■ Problem details ■
The expected answer holds every line from the first line of the data below through the line containing "using kappa_nonneg[OF neg]", exactly as written, and no other line.
● ● ● ● ●
lemma kappa_vertex_Cons_in_segment:
  fixes y :: "nat \<Rightarrow> 'a::real_vector"
  assumes "m < 0" and neg: "\<forall>l\<in>set mu. l < 0"
  shows "(- 1 / m) *\<^sub>R kappa_vertex mu (\<lambda>j. y (Suc j) - m *\<^sub>R y j) i
    \<in> closed_segment (kappa_vertex (m # mu) y i) (kappa_vertex (m # mu) y (Suc i))"
proof -
  let ?K = "\<lambda>j. kappa j (m # mu)" and ?v = "kappa_vertex (m # mu) y"
  have "kappa 0 mu > 0" using kappa_pos[OF neg] by simp
  then have K0: "?K 0 = - m * kappa 0 mu" "?K 0 > 0" using \<open>m < 0\<close> by (simp_all add: mult_neg_pos)
  have drift: "- m * kappa i mu \<ge> 0"
    using \<open>m < 0\<close> kappa_nonneg[OF neg] by (simp add: mult_nonpos_nonneg)
  have Ki: "?K i \<ge> - m * kappa i mu"
    using kappa_nonneg[OF neg] by (cases i) simp_all
  \<comment> \<open>If \<open>?K i = 0\<close>, then \<open>u = 0\<close> (division by zero) and the two vertices coincide.\<close>
  define u where "u = - m * kappa i mu / ?K i"
  have u: "0 \<le> u \<and> u \<le> 1 \<and> u * ?K i = - m * kappa i mu"
  proof (cases "?K i = 0")
    case True
    then show ?thesis using drift Ki by (simp add: u_def)
  next
    case False
    then have "?K i > 0" using drift Ki by linarith
    then show ?thesis using drift Ki by (simp add: u_def field_simps)
  qed
  have "(- 1 / m) *\<^sub>R kappa_vertex mu (\<lambda>j. y (Suc j) - m *\<^sub>R y j) i
      = (1 / ?K 0) *\<^sub>R (\<Sum>j<i. kappa j mu *\<^sub>R (y (Suc j) - m *\<^sub>R y j))"
    using K0 \<open>m < 0\<close> by (simp add: kappa_vertex_def scaleR_sum_right)
  also have "(\<Sum>j<i. kappa j mu *\<^sub>R (y (Suc j) - m *\<^sub>R y j))
      = (\<Sum>j\<le>i. ?K j *\<^sub>R y j) + (m * kappa i mu) *\<^sub>R y i"
    using sum_kappa_Cons[where i = i and m = m and mu = mu and y = y] by simp
  also have "(1 / ?K 0) *\<^sub>R ((\<Sum>j\<le>i. ?K j *\<^sub>R y j) + (m * kappa i mu) *\<^sub>R y i)
      = ?v (Suc i) + (m * kappa i mu / ?K 0) *\<^sub>R y i"
    by (simp add: kappa_vertex_def lessThan_Suc_atMost scaleR_sum_right scaleR_add_right)
  also have "\<dots> = (1 - u) *\<^sub>R ?v (Suc i) + u *\<^sub>R ?v i"
  proof -
    define c where "c = ?K i / ?K 0"
    have "?v (Suc i) = ?v i + c *\<^sub>R y i" by (simp add: kappa_vertex_def c_def)
    moreover have "m * kappa i mu / ?K 0 = - (u * c)" using u by (simp add: c_def)
    ultimately show ?thesis by (simp add: algebra_simps)
  qed
  finally show ?thesis
    using u by (subst closed_segment_commute) (auto simp: in_segment)
qed

lemma scaled_convex_hull_kappa_vertices_Cons:
  fixes y :: "nat \<Rightarrow> 'a::real_vector"
  assumes "m < 0" and "\<forall>l\<in>set mu. l < 0"
  shows "(\<lambda>z. (- 1 / m) *\<^sub>R z) ` (convex hull (kappa_vertex mu (\<lambda>j. y (Suc j) - m *\<^sub>R y j) ` {..n}))
    \<subseteq> convex hull (kappa_vertex (m # mu) y ` {..Suc n})"
proof -
  let ?K = "convex hull (kappa_vertex (m # mu) y ` {..Suc n})"
  have "(- 1 / m) *\<^sub>R kappa_vertex mu (\<lambda>j. y (Suc j) - m *\<^sub>R y j) i \<in> ?K" if "i \<le> n" for i
  proof -
    have "{kappa_vertex (m # mu) y i, kappa_vertex (m # mu) y (Suc i)} \<subseteq> ?K"
      using that by (auto intro!: hull_inc)
    then have "closed_segment (kappa_vertex (m # mu) y i) (kappa_vertex (m # mu) y (Suc i)) \<subseteq> ?K"
      by (simp add: segment_convex_hull hull_minimal)
    with kappa_vertex_Cons_in_segment[OF assms] show ?thesis by blast
  qed
  then have "convex hull ((\<lambda>z. (- 1 / m) *\<^sub>R z) ` kappa_vertex mu (\<lambda>j. y (Suc j) - m *\<^sub>R y j) ` {..n}) \<subseteq> ?K"
    by (intro hull_minimal) auto
  then show ?thesis by (simp only: convex_hull_scaling)
qed

lemma solution_in_convex_hull_kappa_vertices:
  fixes X :: "nat \<Rightarrow> real \<Rightarrow> 'a::{real_inner,heine_borel}"
  assumes "\<forall>l\<in>set (mu @ [a]). l < 0" and "is_solution (mu @ [a]) x0 X" and "t \<ge> 0"
  shows "X 0 t \<in> convex hull (kappa_vertex mu x0 ` {..Suc (length mu)})"
  using assms
proof (induction mu arbitrary: x0 X t)
  case Nil
  have sol: "X 0 0 = x0 0"
    "\<And>s. s \<ge> 0 \<Longrightarrow> (X 0 has_vector_derivative (- a) *\<^sub>R (0 - X 0 s)) (at s within {0..})"
    using Nil.prems(2) by (auto simp: is_solution_def)
  have vertices: "kappa_vertex [] x0 ` {..Suc 0} = {0, x0 0}"
    by (auto simp: kappa_vertex_def atMost_Suc)
  have "X 0 t \<in> convex hull {0, x0 0}"
  proof (rule relaxation_stays_in_closed_convex[where c = "- a" and p = "\<lambda>_. 0"])
    show "closed (convex hull {0, x0 0})"
      by (simp add: compact_imp_closed finite_imp_compact_convex_hull)
  qed (use Nil.prems sol in \<open>auto simp: hull_inc\<close>)
  then show ?case by (simp only: vertices list.size)
next
  case (Cons m mu)
  let ?w0 = "\<lambda>k. x0 (Suc k) - m *\<^sub>R x0 k" and ?W = "\<lambda>k s. X (Suc k) s - m *\<^sub>R X k s"
  let ?K = "convex hull (kappa_vertex (m # mu) x0 ` {..Suc (length (m # mu))})"
  have m: "m < 0" and neg: "\<forall>l\<in>set mu. l < 0"
    using Cons.prems(1) by auto
  have "is_solution (mu @ [a]) ?w0 ?W"
    using is_solution_Cons_reduce Cons.prems(2) by fastforce
  then have IH: "?W 0 s \<in> convex hull (kappa_vertex mu ?w0 ` {..Suc (length mu)})" if "s \<ge> 0" for s
    using Cons.IH Cons.prems(1) that by simp
  have scaled: "(- 1 / m) *\<^sub>R z \<in> ?K" if "z \<in> convex hull (kappa_vertex mu ?w0 ` {..Suc (length mu)})" for z
    using scaled_convex_hull_kappa_vertices_Cons[OF m neg, of x0 "Suc (length mu)"] that by auto
  have "X 0 0 = kappa_vertex (m # mu) x0 (Suc 0)"
    using Cons.prems(2) kappa_pos[OF neg, of 0] m by (simp add: is_solution_def kappa_vertex_def)
  then have start: "X 0 0 \<in> ?K" by (auto intro!: hull_inc)
  have "(X 0 has_vector_derivative X 1 s) (at s within {0..})" if "s \<ge> 0" for s
    using Cons.prems(2) that by (simp add: is_solution_def)
  moreover have "X 1 s = (- m) *\<^sub>R ((- 1 / m) *\<^sub>R ?W 0 s - X 0 s)" for s
    using m by (simp add: algebra_simps)
  ultimately have deriv: "(X 0 has_vector_derivative (- m) *\<^sub>R ((- 1 / m) *\<^sub>R ?W 0 s - X 0 s))
      (at s within {0..})" if "s \<ge> 0" for s
    using that by simp
  show ?case
  proof (rule relaxation_stays_in_closed_convex[where c = "- m" and K = ?K, OF _ _ _ start _ deriv])
    show "closed ?K" by (simp add: compact_imp_closed finite_imp_compact_convex_hull)
  qed (use m scaled IH Cons.prems(3) in auto)
qed

theorem theorem1:
  fixes lam :: "real list" and x0 :: "nat \<Rightarrow> real ^ 'm" and X :: "nat \<Rightarrow> real \<Rightarrow> real ^ 'm"
  assumes "length lam \<ge> 1"
    and "\<forall>l\<in>set lam. l < 0"
    and "is_solution lam x0 X"
    and "t \<ge> 0"
  shows "X 0 t \<in> convex hull
    {\<Sum>j<i. (kappa j (remove1 (Max (set lam)) lam) / kappa 0 (remove1 (Max (set lam)) lam)) *\<^sub>R x0 j
      | i. i \<le> length lam}"
proof -
  define mu where "mu = remove1 (Max (set lam)) lam"
  have "Max (set lam) \<in> set lam" using assms(1) by (intro Max_in) auto
  then have perm: "mset lam = mset (mu @ [Max (set lam)])" by (simp add: mu_def)
  then have "length lam = Suc (length mu)" by (simp flip: size_mset)
  moreover have "X 0 t \<in> convex hull (kappa_vertex mu x0 ` {..Suc (length mu)})"
    using assms(2-4) is_solution_mset_eq[OF perm] arg_cong[OF perm, of set_mset]
    by (intro solution_in_convex_hull_kappa_vertices) auto
  ultimately show ?thesis
    unfolding mu_def[symmetric] kappa_vertex_def by (simp add: setcompr_eq_image atMost_def)
qed

end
● ● ● ● ●
■ Response to the exercise ■
lemma kappa_vertex_Cons_in_segment:
  fixes y :: "nat \<Rightarrow> 'a::real_vector"
  assumes "m < 0" and neg: "\<forall>l\<in>set mu. l < 0"
  shows "(- 1 / m) *\<^sub>R kappa_vertex mu (\<lambda>j. y (Suc j) - m *\<^sub>R y j) i
    \<in> closed_segment (kappa_vertex (m # mu) y i) (kappa_vertex (m # mu) y (Suc i))"
proof -
  let ?K = "\<lambda>j. kappa j (m # mu)" and ?v = "kappa_vertex (m # mu) y"
  have "kappa 0 mu > 0" using kappa_pos[OF neg] by simp
  then have K0: "?K 0 = - m * kappa 0 mu" "?K 0 > 0" using \<open>m < 0\<close> by (simp_all add: mult_neg_pos)
  have drift: "- m * kappa i mu \<ge> 0"
    using \<open>m < 0\<close> kappa_nonneg[OF neg] by (simp add: mult_nonpos_nonneg)
  have Ki: "?K i \<ge> - m * kappa i mu"
    using kappa_nonneg[OF neg] by (cases i) simp_all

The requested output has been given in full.